▸ What to work on:
Using the records underneath, tally the lines where the word "forall" appears and please give only the count.

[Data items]

lemma A105774_le_fib_Suc_fidx:
  assumes "2 \<le> n"
  shows "A105774 n \<le> int (fib (Suc (fidx n)))"
  using A105774_rec[OF assms] A105774_nonneg[of "n - fib (fidx n)"] by simp

lemma A105774_two_steps:
  assumes n: "2 \<le> n" and m: "m = n - fib (fidx n)" "2 \<le> m"
  shows "fidx m + 2 \<le> fidx n"
    and "A105774 n = int (fib (Suc (fidx n))) - int (fib (Suc (fidx m)))
                       + A105774 (m - fib (fidx m))"
proof -
  have "fib (fidx m) < fib (fidx n - 1)"
    using fidx_bounds(2)[OF m(2)] diff_fib_fidx_le[OF n] m(1) by simp
  then have "fidx m < fidx n - 1"
    by (meson fib_mono not_le)
  then show "fidx m + 2 \<le> fidx n" by simp
  show "A105774 n = int (fib (Suc (fidx n))) - int (fib (Suc (fidx m)))
                       + A105774 (m - fib (fidx m))"
    using A105774_rec[OF n] A105774_rec[OF m(2)] m(1) by simp
qed

lemma A105774_fib_plus_1:
  assumes "2 \<le> j"
  shows "A105774 (fib j + 1) = int (fib (Suc j)) - 1"
proof -
  have "0 < fib j" "0 < fib (j - 1)"
    using assms fib_neq_0_nat by simp_all
  then have "fidx (fib j + 1) = j"
    using assms fib_Suc_eq[of j] by (intro fidx_eq) simp_all
  moreover have "2 \<le> fib j + 1" using \<open>0 < fib j\<close> by simp
  ultimately show ?thesis using A105774_rec A105774_1 by simp
qed
theorem lemma2p4:
  fixes V :: "'a set" and E :: "'a set set" and H :: "'a set" and n :: nat
    and B0 :: "'a set set"
  assumes "simple_graph V E"
    and "H \<subseteq> V" and "card H = n" and "edges_of H \<subseteq> E"
    and "B0 \<subseteq> E"
    and "\<exists>v\<in>H. \<exists>e\<in>B0. v \<in> e"
    and "card (B0 \<inter> edges_of H) \<le> 1"
  shows "\<exists>\<sigma> :: 'a set list \<Rightarrow> 'a set. \<forall>ms.
     (\<forall>i<length ms. even i \<longrightarrow> ms ! i = \<sigma> (take i ms)) \<and>
     (\<forall>i<length ms. odd i \<longrightarrow> legal_move E B0 ms i) \<longrightarrow>
       (\<forall>j. 1 \<le> j \<and> real j \<le> real n / 2 - 1 \<and> 2*j - 1 \<le> length ms \<longrightarrow>
           legal_move E B0 ms (2*(j-1)) \<and>
           red_after ms (2*j - 1) \<subseteq> edges_of H \<and>
           is_matching (red_after ms (2*j - 1)) \<and>
           card (red_after ms (2*j - 1)) = j \<and>
           D H B0 ms j \<le> 1) \<and>
       (\<forall>k j. 1 \<le> k \<and> k \<le> j \<and> real j \<le> real n / 2 - 1 \<and> 2*j - 1 \<le> length ms \<and>
           D H B0 ms k = 1 \<longrightarrow> D H B0 ms j = 1)"
proof (rule exI[of _ "red_strategy H B0"], intro allI impI)
  fix ms assume play: "(\<forall>i<length ms. even i \<longrightarrow> ms ! i = red_strategy H B0 (take i ms)) \<and>
     (\<forall>i<length ms. odd i \<longrightarrow> legal_move E B0 ms i)"
  have range: "2 * j + 2 \<le> n" if "real j \<le> real n / 2 - 1" for j
    using that by linarith
  show "(\<forall>j. 1 \<le> j \<and> real j \<le> real n / 2 - 1 \<and> 2*j - 1 \<le> length ms \<longrightarrow>
           legal_move E B0 ms (2*(j-1)) \<and>
           red_after ms (2*j - 1) \<subseteq> edges_of H \<and>
           is_matching (red_after ms (2*j - 1)) \<and>
           card (red_after ms (2*j - 1)) = j \<and>
           D H B0 ms j \<le> 1) \<and>
       (\<forall>k j. 1 \<le> k \<and> k \<le> j \<and> real j \<le> real n / 2 - 1 \<and> 2*j - 1 \<le> length ms \<and>
           D H B0 ms k = 1 \<longrightarrow> D H B0 ms j = 1)"
  proof (cases "finite H")
    case False
    hence "n = 0" using assms(3) by simp
    thus ?thesis by auto
  next
    case True
    then interpret red_play E H B0 ms using assms(4,7) play by unfold_locales auto
    show ?thesis
    proof (rule conjI; intro allI impI; elim conjE)
      fix j assume "1 \<le> j" "real j \<le> real n / 2 - 1" "2 * j - 1 \<le> length ms"
      then obtain k where k: "j = Suc k" "2 * k < length ms" "2 * k + 4 \<le> card H"
        using range assms(3) by (cases j) auto
      show "legal_move E B0 ms (2*(j-1)) \<and> red_after ms (2*j - 1) \<subseteq> edges_of H \<and>
          is_matching (red_after ms (2*j - 1)) \<and> card (red_after ms (2*j - 1)) = j \<and>
          D H B0 ms j \<le> 1"
        using red_move_outcome(1-4)[OF k(2,3)] D_le_1[OF k(2,3)] k(1) by simp
    next
      fix k j assume "1 \<le> k" "k \<le> j" "real j \<le> real n / 2 - 1" "2 * j - 1 \<le> length ms"
        "D H B0 ms k = 1"
      then obtain k' j' where kj: "k = Suc k'" "j = Suc j'" "2 * j' < length ms" "2 * j' + 4 \<le> card H"
        using range assms(3) by (cases k; cases j) auto
      show "D H B0 ms j = 1"
        using D_stays_1[of k' j', OF _ kj(3,4)] kj(1,2) \<open>k \<le> j\<close> \<open>D H B0 ms k = 1\<close> by simp
    qed
  qed
qed

end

▸ Reply to the exercise:
9